Nigeria accounts for the highest burden of sickle cell disease (SCD) globally, with an estimated over 1.5 million children under the age of 15 living with the condition, a major new international study published in The Lancet Child & Adolescent Health has revealed.
The study, led by Professor of Public Health at Teesside University, United Kingdom, and Director of the International Society of Global Health (ISoGH), Davies Adeloye, showed that Nigeria accounts for the largest share of this burden, far exceeding other high-burden countries such as the Democratic Republic of the Congo and Ethiopia.
The study analysed data from 40 studies across 22 African countries to produce the most comprehensive country-level estimates of childhood sickle cell disease to date.
The study showed that in 2023, nearly nine million children across sub-Saharan Africa are living with sickle cell disease, including around 1.17 million infants and 2.75 million children under five, who face the highest risk of early death without treatment.
The findings highlighted both the scale of the challenge in Nigeria and the opportunity for the country to lead Africa in tackling one of the most preventable causes of childhood illness and death.
Adeloye explained that sickle cell disease is an inherited blood disorder present at birth.
He noted that with early diagnosis and access to simple, low-cost interventions such as newborn screening, penicillin prophylaxis, routine vaccinations, malaria prevention, and hydroxyurea, most complications and deaths can be prevented.

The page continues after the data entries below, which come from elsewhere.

(* Let $A$ be associative and let $f,g\in\mathcal{S}(\Omega)$. If $x\in\Omega$ is real and $x\in V(f)\cup V(g)$, then $x\in V(f\cdot g)$. More generally: (1) If $\mathbb{S}_x\subseteq V(f)$ or $\mathbb{S}_x\subseteq V(g)$, then $\mathbb{S}_x\subseteq V(f\cdot g)$. If $x\in\Omega\setminus\mathbb{R}$ and $f'_s(x)$, $g'_s(x)$ and $(f\cdot g)'_s(x)$ belong to $C_A$, then: (2) If $\mathbb{S}_x\cap V(f)=\{y\}$ and $\mathbb{S}_x\cap V(g)=\emptyset$, then $\mathbb{S}_x\cap V(f\cdot g)=\{y\}$. (3) If $\mathbb{S}_x\cap V(f)=\emptyset$ and $\mathbb{S}_x\cap V(g)=\{z\}$, then $f^c(z)\in C_A\setminus\{0\}$ and $\mathbb{S}_x\cap V(f\cdot g)=\{f^c(z)^{-1}zf^c(z)\}$. (4) If $\mathbb{S}_x\cap V(f)=\{y\}$ and $\mathbb{S}_x\cap V(g)=\{z\}$, then either (a) $\mathbb{S}_x\subseteq V(f\cdot g)$, or (b) $\mathbb{S}_x\cap V(f\cdot g)=\{y\}$, depending on whether or not $y^cf'_s(x)=f'_s(x)z$.
   Context: Let $A$ be a finite-dimensional associative real algebra with unit $1$ ($\mathbb{R}$ identified with $\mathbb{R}1$), with a $^*$-involution $x\mapsto x^c$ (real linear, $(x^c)^c=x$, $(xy)^c=y^cx^c$, $r^c=r$ for $r\in\mathbb{R}$). Let $t(x)=x+x^c$, $n(x)=xx^c$. $C_A=\{0\}\cup\{a:n(a),n(a^c)$ are invertible elements of the center of $A\}$. $\mathbb{S}_A=\{J\in A:t(J)=0,n(J)=1\}$ (assumed non-empty), $Q_A=\mathbb{R}\cup\{x:t(x),n(x)\in\mathbb{R},4n(x)>t(x)^2\}$; every $x\in Q_A$ is $\alpha+\beta J$ with $\alpha,\beta\in\mathbb{R}$, $J\in\mathbb{S}_A$; $x^c=\alpha-\beta J$, $\mathrm{im}(x)=x-t(x)/2$, $\mathbb{S}_x=\{\alpha+\beta I:I\in\mathbb{S}_A\}$. Let $D\subseteq\mathbb{C}$ be non-empty, invariant under conjugation, $\Omega=\{\alpha+\beta J:\alpha+i\beta\in D,J\in\mathbb{S}_A\}$. $A_{\mathbb{C}}=\{a+\imath b\}$ with $(a+\imath b)(a'+\imath b')=aa'-bb'+\imath(ab'+ba')$, $\overline{a+\imath b}=a-\imath b$, $(a+\imath b)^c=a^c+\imath b^c$. A stem function $F=F_1+\imath F_2:D\to A_{\mathbb{C}}$ satisfies $F(\bar z)=\overline{F(z)}$ and induces the slice function $f=\mathcal{I}(F)$, $f(\alpha+\beta J)=F_1(\alpha+i\beta)+JF_2(\alpha+i\beta)$; $\mathcal{S}(\Omega)$ is the set of slice functions; slice product $f\cdot g=\mathcal{I}(FG)$; $f^c=\mathcal{I}(F^c)$ with $F^c(z)=F(z)^c$. $V(h)=\{x:h(x)=0\}$. $f'_s(x)=\frac12\mathrm{im}(x)^{-1}(f(x)-f(x^c))$ for $x\in\Omega\setminus\mathbb{R}$. *)

theory Defs
  imports Complex_Main
begin

text \<open>A finite-dimensional associative real algebra with unit is modelled as a type of
  class real_algebra_1 (associative ring with unit, compatible real scalar multiplication,
  reals embedded via of_real) together with finite dimensionality.
  The star-involution is an explicit parameter cj.\<close>

definition fin_dim_alg :: "'a::real_algebra_1 itself \<Rightarrow> bool" where
  "fin_dim_alg _ \<longleftrightarrow> (\<exists>B::'a set. finite B \<and> span B = UNIV)"

definition star_involution :: "('a::real_algebra_1 \<Rightarrow> 'a) \<Rightarrow> bool" where
  "star_involution cj \<longleftrightarrow>
     (\<forall>x y. cj (x + y) = cj x + cj y) \<and>
     (\<forall>r x. cj (r *\<^sub>R x) = r *\<^sub>R cj x) \<and>
     (\<forall>x. cj (cj x) = x) \<and>
     (\<forall>x y. cj (x * y) = cj y * cj x) \<and>
     (\<forall>r. cj (of_real r) = of_real r)"

definition tr :: "('a::real_algebra_1 \<Rightarrow> 'a) \<Rightarrow> 'a \<Rightarrow> 'a" where
  "tr cj x = x + cj x"

definition nrm :: "('a::real_algebra_1 \<Rightarrow> 'a) \<Rightarrow> 'a \<Rightarrow> 'a" where
  "nrm cj x = x * cj x"

definition center :: "'a::real_algebra_1 set" where
  "center = {z. \<forall>y. z * y = y * z}"

definition invertible_el :: "'a::real_algebra_1 \<Rightarrow> bool" where
  "invertible_el a \<longleftrightarrow> (\<exists>b. a * b = 1 \<and> b * a = 1)"

definition inv_el :: "'a::real_algebra_1 \<Rightarrow> 'a" where
  "inv_el a = (THE b. a * b = 1 \<and> b * a = 1)"
lemma integral_square_le_if_trig_poly_approx:
  fixes F P :: "real \<times> real \<Rightarrow> real"
  assumes cont: "continuous_on UNIV F" and zero: "\<And>n m. fourier_coeff F n m = 0"
    and P: "(\<lambda>z. of_real (P z)) \<in> trig_poly" and approx: "\<And>z. \<bar>F z - P z\<bar> \<le> e"
  shows "integral period_square (\<lambda>z. F z * F z) \<le> e * integral period_square (\<lambda>z. \<bar>F z\<bar>)"
proof -
  have cont_on: "continuous_on S F" for S
    using cont continuous_on_subset by blast
  have integrable: "(\<lambda>z. F z * g z) integrable_on period_square" if "continuous_on UNIV g" for g
    by (intro integrable_continuous continuous_on_mult cont_on continuous_on_subset[OF that]) auto
  have "continuous_on UNIV P"
    using continuous_on_Re[OF continuous_on_trig_poly[OF P]] by simp
  then have "integral period_square (\<lambda>z. F z * F z) = integral period_square (\<lambda>z. F z * (F z - P z))"
    using integral_mult_real_trig_poly_eq_0[OF cont zero P] integral_diff[OF integrable[OF cont] integrable[of P]]
    by (simp add: right_diff_distrib)
  also have "\<dots> \<le> integral period_square (\<lambda>z. e * \<bar>F z\<bar>)"
  proof (rule integral_le)
    show "(\<lambda>z. F z * (F z - P z)) integrable_on period_square"
      by (intro integrable continuous_on_diff cont \<open>continuous_on UNIV P\<close>)
    show "(\<lambda>z. e * \<bar>F z\<bar>) integrable_on period_square"
      by (intro integrable_continuous continuous_on_mult continuous_on_const continuous_on_rabs cont_on)
    show "F z * (F z - P z) \<le> e * \<bar>F z\<bar>" for z
    proof -
      have "F z * (F z - P z) \<le> \<bar>F z\<bar> * \<bar>F z - P z\<bar>"
        by (metis abs_ge_self abs_mult)
      also have "\<dots> \<le> \<bar>F z\<bar> * e"
        using approx[of z] by (intro mult_left_mono) auto
      finally show ?thesis
        by (simp add: mult.commute)
    qed
  qed
  finally show ?thesis
    by simp
qed

lemma integral_square_eq_0_if_fourier_coeff_eq_0:
  fixes F :: "real \<times> real \<Rightarrow> real"
  assumes cont: "continuous_on UNIV F" and per: "torus_periodic F"
    and zero: "\<And>n m. fourier_coeff F n m = 0"
  shows "integral period_square (\<lambda>z. F z * F z) = 0"
proof (rule antisym)
  define c where "c = integral period_square (\<lambda>z. \<bar>F z\<bar>)"
  have "c \<ge> 0"
    unfolding c_def
    by (intro integral_nonneg integrable_continuous continuous_on_rabs continuous_on_subset[OF cont]) auto
  show "integral period_square (\<lambda>z. F z * F z) \<le> 0"
  proof (rule field_le_epsilon)
    fix e :: real
    assume "0 < e"
    then obtain P where "(\<lambda>z. of_real (P z)) \<in> trig_poly" "\<And>z. \<bar>F z - P z\<bar> < e / (c + 1)"
      using trig_poly_approximation[OF cont per, of "e / (c + 1)"] \<open>c \<ge> 0\<close> by auto
    then have "integral period_square (\<lambda>z. F z * F z) \<le> e / (c + 1) * c"
      unfolding c_def by (intro integral_square_le_if_trig_poly_approx[OF cont zero]) (auto intro: less_imp_le)
    also have "\<dots> \<le> e"
      using \<open>0 < e\<close> \<open>c \<ge> 0\<close> by (simp add: field_simps)
    finally show "integral period_square (\<lambda>z. F z * F z) \<le> 0 + e"
      by simp
  qed
  show "0 \<le> integral period_square (\<lambda>z. F z * F z)"
    by (intro integral_nonneg integrable_continuous continuous_on_mult continuous_on_subset[OF cont]) auto
qed

lemma fourier_coeff_eq_0_imp_eq_0:
  fixes F :: "real \<times> real \<Rightarrow> real"
  assumes cont: "continuous_on UNIV F" and per: "torus_periodic F"
    and zero: "\<And>n m. fourier_coeff F n m = 0"
  shows "F z = 0"
proof -
  have cont_square: "continuous_on period_square (\<lambda>z. F z * F z)"
    by (intro continuous_on_mult continuous_on_subset[OF cont]) auto
  then have "((\<lambda>z. F z * F z) has_integral 0) period_square"
    using integral_square_eq_0_if_fourier_coeff_eq_0[OF assms] integrable_continuous[OF cont_square]
    by (metis has_integral_integrable_integral)
  then have square: "F q = 0" if "q \<in> period_square" for q
    using has_integral_0_cbox_imp_0[OF cont_square, of q] that
    by (auto simp: box_ne_empty inner_Pair Basis_prod_def)
  obtain q where "torus_eq z q" "q \<in> period_square"
    by (rule ex_torus_eq_in_period_square)
  then show ?thesis
    using torus_periodic_torus_eq[OF per] square by metis
qed

section \<open>Subgroups of the integer lattice and their annihilators\<close>

lemma int_subgroup_mult:
  fixes A :: "int set"
  assumes zero: "0 \<in> A" and diff: "\<And>x y. x \<in> A \<Longrightarrow> y \<in> A \<Longrightarrow> x - y \<in> A" and "c \<in> A"
  shows "k * c \<in> A"
proof (induction k rule: int_induct[where k = 0])
  case base
  then show ?case
    using zero by simp
next
  case (step1 i)
  have "i * c - (0 - c) \<in> A"
    using step1 diff[OF zero \<open>c \<in> A\<close>] diff by blast
  then show ?case
    by (simp add: algebra_simps)
next
  case (step2 i)
  have "i * c - c \<in> A"
    using step2 diff \<open>c \<in> A\<close> by blast
  then show ?case
    by (simp add: algebra_simps)
qed

lemma int_subgroup_common_divisor:
  fixes A :: "int set"
  assumes zero: "0 \<in> A" and diff: "\<And>x y. x \<in> A \<Longrightarrow> y \<in> A \<Longrightarrow> x - y \<in> A" and "1 \<notin> A"
  obtains d :: int where "2 \<le> d" "\<And>x. x \<in> A \<Longrightarrow> d dvd x"
proof (cases "\<exists>x\<in>A. 0 < x")
  case False
  have "x = 0" if "x \<in> A" for x
  proof -
    have "\<not> 0 < x" "\<not> 0 < 0 - x"
      using False that diff[OF zero that] by blast+
    then show ?thesis
      by linarith
  qed
  then show ?thesis
    using that[of 2] by auto
next
  case True
  define g where "g = (LEAST n. 0 < n \<and> int n \<in> A)"
  have g: "0 < g \<and> int g \<in> A"
    unfolding g_def by (rule LeastI_ex) (use True in \<open>metis zero_less_imp_eq_int\<close>)
  have g_least: "g \<le> nat x" if "x \<in> A" "0 < x" for x
    unfolding g_def by (rule Least_le) (use that in simp)
  have "2 \<le> int g"
    using g \<open>1 \<notin> A\<close> by (cases "g = 1") auto
  moreover have "int g dvd x" if "x \<in> A" for x
  proof -
    have "int g \<in> A"
      using g by blast
    then have "x - (x div int g) * int g \<in> A"
      by (intro diff that int_subgroup_mult[OF zero diff])
    then have "x mod int g \<in> A"
      by (simp add: minus_div_mult_eq_mod)
    moreover have "0 \<le> x mod int g" "x mod int g < int g"
      using g by simp_all
    ultimately have "x mod int g = 0"
      using g_least[of "x mod int g"] by (cases "x mod int g = 0") auto
    then show ?thesis
      by (simp add: dvd_eq_mod_eq_0)
  qed
  ultimately show ?thesis
    using that by blast
qed

lemma zgen_least:
  assumes "0 \<in> H" and "S \<subseteq> H" and "\<And>a b. a \<in> H \<Longrightarrow> b \<in> H \<Longrightarrow> a - b \<in> H"
  shows "zgen S \<subseteq> H"
proof
  show "a \<in> H" if "a \<in> zgen S" for a
    using that by (induction rule: zgen.induct) (use assms in auto)
qed

lemma zgen_add:
  assumes "a \<in> zgen S" and "b \<in> zgen S"
  shows "a + b \<in> zgen S"
  using zgen_diff[OF assms(1) zgen_diff[OF zgen_zero assms(2)]] by simp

The researcher in Nigeria, however, access to these essential services remains limited.
According to him, many children are only diagnosed after severe and avoidable complications, while others are never diagnosed at all, contributing to high levels of preventable illness and early childhood deaths.
Adeloye said hundreds of thousands of young lives could be save and avoidable deaths reduced significantly, if Nigeria prioritises sickle cell disease within its national health agenda and integrates care into routine maternal and child health services.
“Nigeria now stands at the centre of the global sickle cell crisis. With over 1.5 million children affected, the scale is enormous, but so is the opportunity to act. We already know what works. Newborn screening and early treatment are effective, affordable, and can be delivered through existing health systems,” he said.
The researchers emphasised that strengthening Nigeria’s health system response will be critical, especially through expanding newborn screening programmes, improving access to essential medicines, and integrating sickle cell care into primary healthcare services.
The study called for urgent and coordinated action across government, health institutions, and development partners, including expanding newborn and early-childhood screening programmes, integrating sickle cell care into primary healthcare services and improving access to essential medicines and vaccines.
The study also called for increased domestic investment alongside international support and strengthening national data and surveillance systems.
The authors concluded that even modest improvements in early-life screening and treatment in high-burden countries like Nigeria could transform child survival and significantly reduce preventable deaths.